The two restorations below are Maxim Motor Co. fire engines. The bold "knot" corner design was a popular motif on horse drawn commercial vehicles in the 1800's. The fancy thin white lines also refer back to earlier vehicle decoration. This truck was well built and modern in every way mechanically. The decoration was added by painters with aesthetics from an earlier decade.
I spoke once with an old painter from the Maxim factory. He grew up in the town where the factory had always been, and learned from the old paint crew. The style he used in the 1950s still had remnants of 19th century coach painting techniques and designs. The engine below is a 1923 Maxim. It has distinctive chevron decorations on the fenders, and a nice use of black stripes throughout.
Below are photos of a 1917 Garford fire engine. Few Garford engines have survived and researching the decoration turned up only a handful of photos. From these pictures I got some hints of the Garford style.
This 1932 Ford was originally decorated without using any gold leaf. A standard stripe layout was followed with black paint replacing the gold stripes. The black stripes were outlined with gold paint made from bronze powder. The thin lines that run beside the stripes are silver. It is quite a pleasing effect.
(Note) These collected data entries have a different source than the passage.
(* Let $a,b>0$ with $ab\geqslant \frac14 e^2$ and set $c:=\frac{e}{e-1}$. Then $$x\geqslant \left(2^{\log 16}(ab)^{\log(16ab)}\right)^{c^2a}\ \Longrightarrow\ \log x\geqslant a\left(\log(b\log x)\right)^2.$$ *)

theory Defs
  imports "HOL-Analysis.Analysis"
begin

end

theory Submission
  imports Defs
begin

(* With s = ln (4ab) the bound on x reads ln x \<ge> a (c s)^2, because
   2 powr ln 16 * (ab) powr ln (16ab) = exp ((ln 4 + ln (ab))^2).  Writing ln x = a u^2 with
   u \<ge> c s, the claim becomes ln (b ln x) = s - ln 4 + 2 ln u \<le> u.  The function u - 2 ln u
   is increasing for u \<ge> 2, and at u = c s the tangent bound ln y \<le> y / e gives
   c s - 2 ln (c s) \<ge> c s (1 - 1/e) - ln 4 = s - ln 4, since c (1 - 1/e) = 1. *)

lemma ln_le_divide_exp1:
  fixes y :: real
  assumes "y > 0"
  shows "ln y \<le> y / exp 1"
proof -
  have "ln (y / exp 1) \<le> y / exp 1 - 1"
    using assms by (intro ln_le_minus_one) simp
  then show ?thesis
    using assms by (simp add: ln_div)
qed

lemma sub_two_ln_mono:
  fixes u v :: real
  assumes "2 \<le> v" and "v \<le> u"
  shows "v - 2 * ln v \<le> u - 2 * ln u"
proof -
  have "ln u - ln v = ln (u / v)"
    using assms by (simp add: ln_div)
  also have "\<dots> \<le> (u - v) / v"
    using ln_le_minus_one[of "u / v"] assms by (simp add: diff_divide_distrib)
  also have "\<dots> \<le> (u - v) / 2"
    using assms by (intro divide_left_mono) auto
  finally show ?thesis
    by simp
qed

lemma sub_two_ln_scaled_ge:
  fixes s :: real
  assumes "s > 0"
  shows "s - ln 4 \<le> exp 1 / (exp 1 - 1) * s - 2 * ln (exp 1 / (exp 1 - 1) * s)"
proof -
  define c where "c = exp 1 / (exp 1 - 1 :: real)"
  have "exp 1 > (1 :: real)"
    by simp
  then have c_pos: "c > 0" and c_eq: "c - c / exp 1 = 1"
    unfolding c_def by (simp_all add: divide_simps)
  have ln4: "ln (4 :: real) = 2 * ln 2"
    using ln_realpow[of 2 2] by simp
  have "ln (c * s) = ln 2 + ln (c * s / 2)"
    using c_pos assms by (simp add: ln_div)
  also have "\<dots> \<le> ln 2 + c * s / 2 / exp 1"
    using ln_le_divide_exp1[of "c * s / 2"] c_pos assms by simp
  finally have "2 * ln (c * s) \<le> ln 4 + c * s / exp 1"
    by (simp add: ln4 field_simps)
  moreover have "c * s - c * s / exp 1 = s"
    using c_eq by (metis left_diff_distrib mult.commute mult_1 times_divide_eq_left)
  ultimately show ?thesis
    unfolding c_def by linarith
qed

lemma exp_square_ln_four_mult:
  fixes p :: real
  assumes "p > 0"
  shows "2 powr ln 16 * p powr ln (16 * p) = exp ((ln (4 * p))\<^sup>2)"
proof -
  have ln16: "ln (16 :: real) = 4 * ln 2" and ln4: "ln (4 :: real) = 2 * ln 2"
    using ln_realpow[of 2 4] ln_realpow[of 2 2] by simp_all
  have "2 powr ln 16 * p powr ln (16 * p) = exp (ln 16 * ln 2 + ln (16 * p) * ln p)"
    using assms by (simp add: powr_def exp_add)
  also have "ln 16 * ln 2 + ln (16 * p) * ln p = (ln (4 * p))\<^sup>2"
    using assms by (simp add: ln_mult ln16 ln4 power2_eq_square algebra_simps)
  finally show ?thesis .
qed

lemma square_ln_mult_le:
  fixes a b L :: real
  assumes "a > 0" and "b > 0" and "a * b \<ge> exp 1 ^ 2 / 4"
    and "L \<ge> a * (exp 1 / (exp 1 - 1) * ln (4 * a * b))\<^sup>2"
  shows "a * (ln (b * L))\<^sup>2 \<le> L"
proof -
  define s where "s = ln (4 * a * b)"
  define u where "u = sqrt (L / a)"
  define c where "c = exp 1 / (exp 1 - 1 :: real)"
  have "exp 2 \<le> 4 * a * b"
    using assms(3) by (simp add: power2_eq_square flip: exp_add)
  then have s_ge: "s \<ge> 2"
    unfolding s_def using assms(1,2) by (simp add: ln_ge_iff)
  have "c \<ge> 1"
    unfolding c_def by (simp add: field_simps)
  then have cs_ge: "c * s \<ge> 2"
    using s_ge mult_mono[of 1 c 2 s] by simp
  have "(c * s)\<^sup>2 \<le> L / a"
    using assms(1,4) unfolding c_def s_def by (simp add: field_simps)
  then have u_ge: "c * s \<le> u"
    unfolding u_def using cs_ge by (simp add: real_le_rsqrt)
  have L_eq: "L = a * u\<^sup>2"
    unfolding u_def using assms(1) \<open>(c * s)\<^sup>2 \<le> L / a\<close>
    by (simp add: order_trans[OF zero_le_power2])
  have ln_bL: "ln (b * L) = s - ln 4 + 2 * ln u"
    using assms(1,2) cs_ge u_ge unfolding L_eq s_def
    by (simp add: ln_mult ln_realpow algebra_simps)
  have "ln 4 \<le> 2 * ln u"
    using cs_ge u_ge ln_realpow[of 2 2] by simp
  then have "0 \<le> ln (b * L)"
    using ln_bL s_ge by simp
  moreover have "ln (b * L) \<le> u"
    using ln_bL sub_two_ln_scaled_ge[of s] sub_two_ln_mono[OF cs_ge u_ge] s_ge
    unfolding c_def by simp
  ultimately have "(ln (b * L))\<^sup>2 \<le> u\<^sup>2"
    by (simp add: power_mono)
  then show ?thesis
    using assms(1) L_eq by simp
qed

theorem lemma1:
  fixes a b x c :: real
  assumes "a > 0" and "b > 0"
    and "a * b \<ge> exp 1 ^ 2 / 4"
    and "c = exp 1 / (exp 1 - 1)"
    and "x \<ge> (2 powr (ln 16) * (a * b) powr (ln (16 * a * b))) powr (c ^ 2 * a)"
  shows "ln x \<ge> a * (ln (b * ln x)) ^ 2"
proof -
  have "(2 powr (ln 16) * (a * b) powr (ln (16 * a * b))) powr (c ^ 2 * a)
      = exp (a * (c * ln (4 * a * b))\<^sup>2)"
    using exp_square_ln_four_mult[of "a * b"] assms(1,2)
    by (simp add: mult.assoc exp_powr_real power_mult_distrib algebra_simps)
  then have "ln x \<ge> a * (c * ln (4 * a * b))\<^sup>2"
    using assms(5) by (metis exp_gt_zero less_le_trans ln_ge_iff)
  then show ?thesis
    using square_ln_mult_le assms(1-4) by blast
qed

end
definition mean_curv ::
  "nat \<Rightarrow> ((nat \<Rightarrow> real) \<Rightarrow> nat \<Rightarrow> nat \<Rightarrow> real) \<Rightarrow> ((nat \<Rightarrow> real) \<Rightarrow> nat \<Rightarrow> real)
     \<Rightarrow> (nat \<Rightarrow> real) \<Rightarrow> real" where
  "mean_curv n g m x =
     trace_wrt (tangent_idx n) (\<lambda>a b. g x a b)
       (\<lambda>a b. sff n g m x (coord_vec a) (coord_vec b)) / real (n - 1)"

definition tf_sff ::
  "nat \<Rightarrow> ((nat \<Rightarrow> real) \<Rightarrow> nat \<Rightarrow> nat \<Rightarrow> real) \<Rightarrow> ((nat \<Rightarrow> real) \<Rightarrow> nat \<Rightarrow> real)
     \<Rightarrow> (nat \<Rightarrow> real) \<Rightarrow> (nat \<Rightarrow> real) \<Rightarrow> (nat \<Rightarrow> real) \<Rightarrow> real" where
  "tf_sff n g m x X Y = sff n g m x X Y - mean_curv n g m x * gform n (g x) X Y"

text \<open>The metric g_tt(r) dt^2 + g_rr(r) dr^2 + r^2 (dtheta^2 + s(theta)^2 dOmega_(d-2)^2)
  on an (d+1)-dimensional patch, coordinates x0 = t, x1 = r, x2 = theta, and
  x3, ..., xd standard hyperspherical coordinates on the unit (d-2)-sphere, whose metric is
  dphi_1^2 + sin^2 phi_1 dphi_2^2 + ... + (prod_{j<d-2} sin^2 phi_j) dphi_(d-2)^2.\<close>
definition ss_metric ::
  "nat \<Rightarrow> (real \<Rightarrow> real) \<Rightarrow> (real \<Rightarrow> real) \<Rightarrow> (real \<Rightarrow> real) \<Rightarrow> (nat \<Rightarrow> real) \<Rightarrow> nat \<Rightarrow> nat \<Rightarrow> real" where
  "ss_metric d gtt grr s x i j =
     (if i \<noteq> j \<or> i > d then 0
      else if i = 0 then gtt (x 1)
      else if i = 1 then grr (x 1)
      else if i = 2 then (x 1)\<^sup>2
      else (x 1)\<^sup>2 * (s (x 2))\<^sup>2 * (\<Prod>k\<in>{3..<i}. (sin (x k))\<^sup>2))"

end

theory Submission
  imports Defs
begin

(* The metric is diagonal and the unit normal m of S = {r = r_p} is orthogonal to the coordinate
   vectors tangent to S, so its tangential components vanish on S, together with their tangential
   derivatives.  Hence the second fundamental form is diagonal in the coordinate frame,
   chi_ii = m^r (d_r g_ii) / 2: every angular direction has principal curvature m^r / r and the
   time direction has m^r g_tt' / (2 g_tt).  Subtracting the mean curvature leaves
     sigma_chi(X, X) = C * (-(d - 1) g_tt X_t^2 + sum_{i >= 2} g_ii X_i^2)
   with C independent of X.  As g_tt < 0 and d >= 2, the quadratic form is positive definite on
   T_p S, so sigma_chi(X, X) has the sign of C for every nonzero tangent vector X. *)

lemma sum_eq_single:
  assumes "finite A" "a \<in> A" "\<And>b. b \<in> A \<Longrightarrow> b \<noteq> a \<Longrightarrow> f b = 0"
  shows "sum f A = f a"
  using sum.mono_neutral_right[of A "{a}" f] assms by auto

lemma sum_coord_vec_mult:
  "a < n \<Longrightarrow> (\<Sum>i<n. coord_vec a i * coord_vec b i * f i) = (if a = b then f a else 0)"
  by (simp add: coord_vec_def if_distrib[of "\<lambda>x. x * _"] cong: if_cong)

lemma pd_eq_0_if_eventually_0:
  assumes "\<forall>\<^sub>F h in nhds 0. f (x(i := x i + h)) = 0"
  shows "pd i f x = 0"
proof -
  have "DERIV (\<lambda>h. f (x(i := x i + h))) 0 :> 0"
    using DERIV_cong_ev[of 0 0 "\<lambda>h. f (x(i := x i + h))" "\<lambda>_. 0" 0 0] assms by simp
  then show ?thesis unfolding pd_def by (rule DERIV_imp_deriv)
qed

lemma pd_eq_0_if_0: "(\<And>y. f y = 0) \<Longrightarrow> pd i f x = 0"
  unfolding pd_def by simp

lemma gform_diag:
  assumes "\<And>i j. i \<noteq> j \<Longrightarrow> G i j = 0"
  shows "gform n G X Y = (\<Sum>i<n. G i i * X i * Y i)"
  unfolding gform_def by (intro sum.cong refl sum_eq_single) (auto simp: assms)

lemma gform_coord_vec:
  assumes "\<And>i j. i \<noteq> j \<Longrightarrow> G i j = 0" "a < n"
  shows "gform n G V (coord_vec a) = G a a * V a"
  using assms by (simp add: gform_diag coord_vec_def if_distrib[of "\<lambda>x. _ * x"] cong: if_cong)

lemma orthogonal_coord_vec_imp_component_eq_0:
  assumes "\<And>i j. i \<noteq> j \<Longrightarrow> G i j = 0" "a < n" "G a a \<noteq> 0"
    and "gform n G V (coord_vec a) = 0"
  shows "V a = 0"
  using assms by (simp add: gform_coord_vec)

lemma trace_wrt_diag:
  assumes "finite I"
    and h_diag: "\<And>a b. a \<in> I \<Longrightarrow> b \<in> I \<Longrightarrow> a \<noteq> b \<Longrightarrow> h a b = 0"
    and h_nonzero: "\<And>a. a \<in> I \<Longrightarrow> h a a \<noteq> 0"
    and c_diag: "\<And>a b. a \<in> I \<Longrightarrow> b \<in> I \<Longrightarrow> a \<noteq> b \<Longrightarrow> c a b = 0"
  shows "trace_wrt I h c = (\<Sum>a\<in>I. c a a / h a a)"
proof -
  define is_inv where
    "is_inv q \<longleftrightarrow>
      (\<forall>a\<in>I. \<forall>b\<in>I. (\<Sum>e\<in>I. q a e * h e b) = (if a = b then 1 else (0::real)))" for q
  have diag_sum: "(\<Sum>e\<in>I. q a e * h e b) = q a b * h b b" if "b \<in> I" for q a b
    using \<open>finite I\<close> that by (intro sum_eq_single) (auto simp: h_diag)
  define q0 where "q0 a b = (if a = b then 1 / h a a else 0)" for a b
  have "is_inv q0"
    unfolding is_inv_def by (intro ballI, subst diag_sum) (auto simp: q0_def h_nonzero)
  define hinv where "hinv = (SOME q. is_inv q)"
  from \<open>is_inv q0\<close> have "is_inv hinv"
    unfolding hinv_def by (rule someI[where P = is_inv])
  have hinv_diag: "hinv a a = 1 / h a a" if "a \<in> I" for a
  proof -
    have "hinv a a * h a a = 1"
      using \<open>is_inv hinv\<close> that diag_sum[of a hinv a] unfolding is_inv_def by auto
    then show ?thesis using h_nonzero[OF that] by (simp add: field_simps)
  qed
  have "trace_wrt I h c = (\<Sum>a\<in>I. \<Sum>b\<in>I. hinv a b * c a b)"
    by (simp add: trace_wrt_def hinv_def is_inv_def)
  also have "\<dots> = (\<Sum>a\<in>I. c a a / h a a)"
    using \<open>finite I\<close>
    by (intro sum.cong refl trans[OF sum_eq_single]) (auto simp: c_diag hinv_diag)
  finally show ?thesis .
qed

lemma pd_normal_component_eq_0:
  assumes diag: "\<And>y i j. i \<noteq> j \<Longrightarrow> g y i j = 0"
    and normal: "\<And>y. y 1 = p 1 \<Longrightarrow> gform n (g y) (m y) (coord_vec l) = 0"
    and "l < n" "i \<noteq> 1"
    and cont: "continuous (at 0) (\<lambda>h. g (p(i := p i + h)) l l)" and "g p l l \<noteq> 0"
  shows "pd i (\<lambda>y. m y l) p = 0"
proof (rule pd_eq_0_if_eventually_0)
  have "((\<lambda>h. g (p(i := p i + h)) l l) \<longlongrightarrow> g p l l) (nhds 0)"
    using cont tendsto_at_iff_tendsto_nhds[of "\<lambda>h. g (p(i := p i + h)) l l" 0]
    by (simp add: continuous_at)
  then have "\<forall>\<^sub>F h in nhds 0. g (p(i := p i + h)) l l \<noteq> 0"
    using \<open>g p l l \<noteq> 0\<close> by (rule tendsto_imp_eventually_ne)
  then show "\<forall>\<^sub>F h in nhds 0. m (p(i := p i + h)) l = 0"
  proof (rule eventually_mono)
    fix h
    have "gform n (g (p(i := p i + h))) (m (p(i := p i + h))) (coord_vec l) = 0"
      using normal \<open>i \<noteq> 1\<close> by simp
    then show "g (p(i := p i + h)) l l \<noteq> 0 \<Longrightarrow> m (p(i := p i + h)) l = 0"
      using orthogonal_coord_vec_imp_component_eq_0[of "g (p(i := p i + h))" l n] diag \<open>l < n\<close>
      by blast
  qed
qed

lemma christoffel1_normal_diag:
  assumes diag: "\<And>y i j. i \<noteq> j \<Longrightarrow> g y i j = 0" and "i \<noteq> 1" "l \<noteq> 1"
  shows "christoffel1 g x l i 1 = (if i = l then pd 1 (\<lambda>y. g y i i) x / 2 else 0)"
  using assms by (simp add: christoffel1_def pd_eq_0_if_0)

locale diagonal_level_set =
  fixes n :: nat and g :: "(nat \<Rightarrow> real) \<Rightarrow> nat \<Rightarrow> nat \<Rightarrow> real"
    and m :: "(nat \<Rightarrow> real) \<Rightarrow> nat \<Rightarrow> real" and p :: "nat \<Rightarrow> real"
  assumes one_less_dim: "1 < n"
    and diag: "\<And>y i j. i \<noteq> j \<Longrightarrow> g y i j = 0"
    and normal_tangential_eq_0: "\<And>j. j \<in> tangent_idx n \<Longrightarrow> m p j = 0"
    and pd_normal_tangential_eq_0:
      "\<And>i l. i \<in> tangent_idx n \<Longrightarrow> l \<in> tangent_idx n \<Longrightarrow> pd i (\<lambda>y. m y l) p = 0"
begin

lemma sff_eq:
  assumes "X 1 = 0" "Y 1 = 0"
  shows "sff n g m p X Y = (\<Sum>i<n. X i * Y i * (m p 1 * pd 1 (\<lambda>y. g y i i) p / 2))"
proof -
  define \<kappa> where "\<kappa> i = m p 1 * pd 1 (\<lambda>y. g y i i) p / 2" for i
  have tangential_term:
    "(\<Sum>k<n. g p k l * pd i (\<lambda>y. m y k) p) + (\<Sum>j<n. christoffel1 g p l i j * m p j)
      = (if i = l then \<kappa> i else 0)" if "i \<in> tangent_idx n" "l \<in> tangent_idx n" for i l
  proof -
    have "(\<Sum>k<n. g p k l * pd i (\<lambda>y. m y k) p) = g p l l * pd i (\<lambda>y. m y l) p"
      using that by (intro sum_eq_single) (auto simp: diag tangent_idx_def)
    moreover have "(\<Sum>j<n. christoffel1 g p l i j * m p j) = christoffel1 g p l i 1 * m p 1"
      using that one_less_dim
      by (intro sum_eq_single) (auto simp: normal_tangential_eq_0 tangent_idx_def)
    moreover have "christoffel1 g p l i 1 = (if i = l then pd 1 (\<lambda>y. g y i i) p / 2 else 0)"
      using that by (intro christoffel1_normal_diag[OF diag]) (auto simp: tangent_idx_def)
    ultimately show ?thesis
      using that by (simp add: pd_normal_tangential_eq_0 \<kappa>_def)
  qed
  have "X i * Y l * ((\<Sum>k<n. g p k l * pd i (\<lambda>y. m y k) p)
        + (\<Sum>j<n. christoffel1 g p l i j * m p j))
      = (if l = i then X i * Y i * \<kappa> i else 0)" if "i < n" "l < n" for i l
    using that assms tangential_term[of i l]
    by (cases "i = 1 \<or> l = 1") (auto simp: tangent_idx_def)
  then have "sff n g m p X Y = (\<Sum>i<n. \<Sum>l<n. if l = i then X i * Y i * \<kappa> i else 0)"
    unfolding sff_def cov_form_def by (intro sum.cong refl) auto
  then show ?thesis by (simp add: \<kappa>_def)
qed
When this 1921 Seagrave engine arrived for restoration, it had many coats of varnish on top of the original paint job. The varnish had darkened over eight decades, and the surface appeared to be a dull tan with gold and brown stripes. When the varnish was removed, we found a light gray body. The brown stripes were actually a lavender-gray color. What a surprise. I gilded and painted the stripes and lines on this vehicle. The fancy ornaments were done by Ken Soderbeck of Hand-In-Hand Restoration.